Acostumada que estou ao meu constante estado de transição, já não mais quero as coisas permanentes: prefiro a confusão de toda revolução ainda no início. E continuo com meus recortes de revistas, esfarelando sob o toque da tesoura, tão perdida quanto meus pés no caminho aparentemente retilíneo.
Ainda ontem ouvi aquela música do ABBA e me lembrei dos tempos das carteiras enfileiradas na sala de aula. Uma repentina saudade do cheiro do giz e do caderno recém-aberto, com tantas linhas num desafio tão evidente. E pensar que eu nem desconfiava que naquela brochura estaria o meu refúgio mais paciente. Talvez o portal mais próximo para chegar até você.

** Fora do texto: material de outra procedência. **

(* Let $(M,g)$ be an $n$-dimensional pseudo-Riemannian manifold and $T$ a Killing tensor (respectively, a traceless conformal tensor). Then: (i) if $x,y$ are eigenvectors of $T$ in the eigenspace $E_\rho$ of the eigenvalue function $\rho$, then $$(T-\rho g)\{x,y\}=g(x,y)\,s+g(s,x)\,y+g(s,y)\,x,\qquad s\equiv\mathrm d\rho-t,$$ where $t=0$ (respectively, $t=\frac{2}{n+2}\nabla\cdot T$); (ii) if $x,y,z$ are eigenvectors corresponding to three different eigenvalues, then $T(x,\{y,z\})+T(z,\{x,y\})+T(y,\{z,x\})=0$.
   Context: $\nabla$ is the Levi-Civita connection; vectors and 1-forms are identified via $g$; $T$ is viewed both as a bilinear form and as an endomorphism. $\{x,y\}=\nabla_xy+\nabla_yx$. $(\nabla\cdot T)_b=\nabla^aT_{ab}$. Killing tensor: symmetric $K$ with $\nabla_{(a}K_{bc)}=0$. Conformal tensor: traceless symmetric $T$ with $\nabla_{(a}T_{bc)}=g_{(ab}t_{c)}$ for some 1-form $t$ (necessarily $t=\frac2{n+2}\nabla\cdot T$). Eigenvectors are vector fields $x$ with $T(x)=\rho x$ for the eigenvalue function $\rho$. *)

theory Defs
  imports "HOL-Analysis.Analysis"
begin

text \<open>Local-coordinate rendering: the manifold is represented by an open chart domain
  U in real^'n (n = CARD('n)); all tensors are given by their components in the
  coordinate frame. Vectors carry upper indices, 1-forms and bilinear forms lower ones.\<close>

definition pd :: "'n::finite \<Rightarrow> (real^'n \<Rightarrow> 'b::real_normed_vector) \<Rightarrow> real^'n \<Rightarrow> 'b" where
  "pd i f p = frechet_derivative f (at p) (axis i 1)"

definition smooth_fun :: "(real^'n::finite) set \<Rightarrow> (real^'n \<Rightarrow> real) \<Rightarrow> bool" where
  "smooth_fun U f \<longleftrightarrow> (\<forall>ks::'n list. \<forall>p\<in>U. foldr pd ks f differentiable (at p))"

definition smooth_vf :: "(real^'n::finite) set \<Rightarrow> (real^'n \<Rightarrow> real^'n) \<Rightarrow> bool" where
  "smooth_vf U X \<longleftrightarrow> (\<forall>k. smooth_fun U (\<lambda>q. X q $ k))"

definition smooth_tf :: "(real^'n::finite) set \<Rightarrow> (real^'n \<Rightarrow> real^'n^'n) \<Rightarrow> bool" where
  "smooth_tf U A \<longleftrightarrow> (\<forall>i j. smooth_fun U (\<lambda>q. A q $ i $ j))"

definition pseudo_riemannian :: "(real^'n::finite) set \<Rightarrow> (real^'n \<Rightarrow> real^'n^'n) \<Rightarrow> bool" where
  "pseudo_riemannian U g \<longleftrightarrow> open U \<and> U \<noteq> {} \<and> smooth_tf U g \<and>
     (\<forall>p\<in>U. transpose (g p) = g p \<and> det (g p) \<noteq> 0)"

definition ginv :: "(real^'n::finite \<Rightarrow> real^'n^'n) \<Rightarrow> real^'n \<Rightarrow> real^'n^'n" where
  "ginv g p = matrix_inv (g p)"

definition chr :: "(real^'n::finite \<Rightarrow> real^'n^'n) \<Rightarrow> real^'n \<Rightarrow> 'n \<Rightarrow> 'n \<Rightarrow> 'n \<Rightarrow> real" where
  "chr g p k i j = (1/2) * (\<Sum>l\<in>UNIV. ginv g p $ k $ l *
      (pd i (\<lambda>q. g q $ j $ l) p + pd j (\<lambda>q. g q $ i $ l) p - pd l (\<lambda>q. g q $ i $ j) p))"

definition cov :: "(real^'n::finite \<Rightarrow> real^'n^'n) \<Rightarrow> (real^'n \<Rightarrow> real^'n) \<Rightarrow> (real^'n \<Rightarrow> real^'n) \<Rightarrow> real^'n \<Rightarrow> real^'n" where
  "cov g X Y p = (\<chi> k. \<Sum>i\<in>UNIV. X p $ i *
      (pd i (\<lambda>q. Y q $ k) p + (\<Sum>j\<in>UNIV. chr g p k i j * Y p $ j)))"

definition brace :: "(real^'n::finite \<Rightarrow> real^'n^'n) \<Rightarrow> (real^'n \<Rightarrow> real^'n) \<Rightarrow> (real^'n \<Rightarrow> real^'n) \<Rightarrow> real^'n \<Rightarrow> real^'n" where
  "brace g X Y p = cov g X Y p + cov g Y X p"

definition nablaT :: "(real^'n::finite \<Rightarrow> real^'n^'n) \<Rightarrow> (real^'n \<Rightarrow> real^'n^'n) \<Rightarrow> real^'n \<Rightarrow> 'n \<Rightarrow> 'n \<Rightarrow> 'n \<Rightarrow> real" where
  "nablaT g T p k i j = pd k (\<lambda>q. T q $ i $ j) p
     - (\<Sum>l\<in>UNIV. chr g p l k i * T p $ l $ j + chr g p l k j * T p $ i $ l)"

definition sym3 :: "('n \<Rightarrow> 'n \<Rightarrow> 'n \<Rightarrow> real) \<Rightarrow> 'n \<Rightarrow> 'n \<Rightarrow> 'n \<Rightarrow> real" where
  "sym3 A a b c = (A a b c + A a c b + A b a c + A b c a + A c a b + A c b a) / 6"

definition divT :: "(real^'n::finite \<Rightarrow> real^'n^'n) \<Rightarrow> (real^'n \<Rightarrow> real^'n^'n) \<Rightarrow> real^'n \<Rightarrow> real^'n" where
  "divT g T p = (\<chi> b. \<Sum>a\<in>UNIV. \<Sum>c\<in>UNIV. ginv g p $ a $ c * nablaT g T p c a b)"

definition symmetric_tf :: "(real^'n::finite) set \<Rightarrow> (real^'n \<Rightarrow> real^'n^'n) \<Rightarrow> bool" where
  "symmetric_tf U T \<longleftrightarrow> smooth_tf U T \<and> (\<forall>p\<in>U. transpose (T p) = T p)"

definition killing_tensor :: "(real^'n::finite) set \<Rightarrow> (real^'n \<Rightarrow> real^'n^'n) \<Rightarrow> (real^'n \<Rightarrow> real^'n^'n) \<Rightarrow> bool" where
  "killing_tensor U g T \<longleftrightarrow> symmetric_tf U T \<and>
     (\<forall>p\<in>U. \<forall>a b c. sym3 (nablaT g T p) a b c = 0)"

definition traceless :: "(real^'n::finite) set \<Rightarrow> (real^'n \<Rightarrow> real^'n^'n) \<Rightarrow> (real^'n \<Rightarrow> real^'n^'n) \<Rightarrow> bool" where
  "traceless U g T \<longleftrightarrow> (\<forall>p\<in>U. (\<Sum>a\<in>UNIV. \<Sum>b\<in>UNIV. ginv g p $ a $ b * T p $ a $ b) = 0)"

definition conformal_tensor :: "(real^'n::finite) set \<Rightarrow> (real^'n \<Rightarrow> real^'n^'n) \<Rightarrow> (real^'n \<Rightarrow> real^'n^'n) \<Rightarrow> bool" where
  "conformal_tensor U g T \<longleftrightarrow> symmetric_tf U T \<and> traceless U g T \<and>
     (\<exists>t::real^'n \<Rightarrow> real^'n. \<forall>p\<in>U. \<forall>a b c.
        sym3 (nablaT g T p) a b c = sym3 (\<lambda>a' b' c'. g p $ a' $ b' * t p $ c') a b c)"

definition endo :: "(real^'n::finite \<Rightarrow> real^'n^'n) \<Rightarrow> (real^'n \<Rightarrow> real^'n^'n) \<Rightarrow> real^'n \<Rightarrow> real^'n \<Rightarrow> real^'n" where
  "endo g T p v = ginv g p *v (T p *v v)"

definition eigenvector :: "(real^'n::finite) set \<Rightarrow> (real^'n \<Rightarrow> real^'n^'n) \<Rightarrow> (real^'n \<Rightarrow> real^'n^'n) \<Rightarrow> (real^'n \<Rightarrow> real) \<Rightarrow> (real^'n \<Rightarrow> real^'n) \<Rightarrow> bool" where
  "eigenvector U g T \<rho> x \<longleftrightarrow> smooth_fun U \<rho> \<and> smooth_vf U x \<and>
     (\<forall>p\<in>U. endo g T p (x p) = \<rho> p *\<^sub>R x p)"

definition gp :: "(real^'n::finite \<Rightarrow> real^'n^'n) \<Rightarrow> real^'n \<Rightarrow> real^'n \<Rightarrow> real^'n \<Rightarrow> real" where
  "gp g p v w = v \<bullet> (g p *v w)"

definition dfun :: "(real^'n::finite \<Rightarrow> real) \<Rightarrow> real^'n \<Rightarrow> real^'n" where
  "dfun f p = (\<chi> b. pd b f p)"

end

theory Submission
  imports Defs
begin

text \<open>
  The hypothesis on T says that the symmetrisation of nabla T equals that of g (x) t, with t = 0
  for a Killing tensor. Contract this identity with three vectors. For an eigenvector field y
  with eigenvalue rho, the Leibniz rule, metric compatibility and T(y) = rho g(y) give
  (nabla_X T)(u, y) = d rho(X) g(u, y) + g(u, (rho - T) nabla_X y); contracting with x, y of the
  same eigenvalue and an arbitrary w then yields g(w, (T - rho) {x, y}) on one side and the
  three terms of (i), paired with w, on the other. Eigenvectors u, v of different eigenvalues are g- and
  T-orthogonal everywhere, so (nabla_X T)(u, v) = - T(nabla_X u, v) - T(u, nabla_X v), while the
  right-hand side of the contracted identity vanishes; this is (ii). In the conformal case,
  tracing the identity with g^-1 identifies t = 2/(n+2) nabla . T, because nabla_c T is again
  trace-free.
\<close>

section \<open>Partial derivatives\<close>

lemma pd_has_derivative: "(f has_derivative f') (at p) \<Longrightarrow> pd i f p = f' (axis i 1)"
  unfolding pd_def by (drule frechet_derivative_at) simp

Gostaria que não tivesse perdido minha formatura. Vestido criteriosamente escolhido, os cabelos feito uma dama, os lábios pela primeira vez de fato pintados. Lembro-me do olhar de meu pai a me contemplar e de início não compreendi suas lágrimas. Acreditei ser a emoção do inadiável rito de passagem logo ali, nas formas adultas da menina que ainda ontem colocava para ninar. E foi quando notei sua presença pela vez primeira em mim: Você está a cara da sua mãe.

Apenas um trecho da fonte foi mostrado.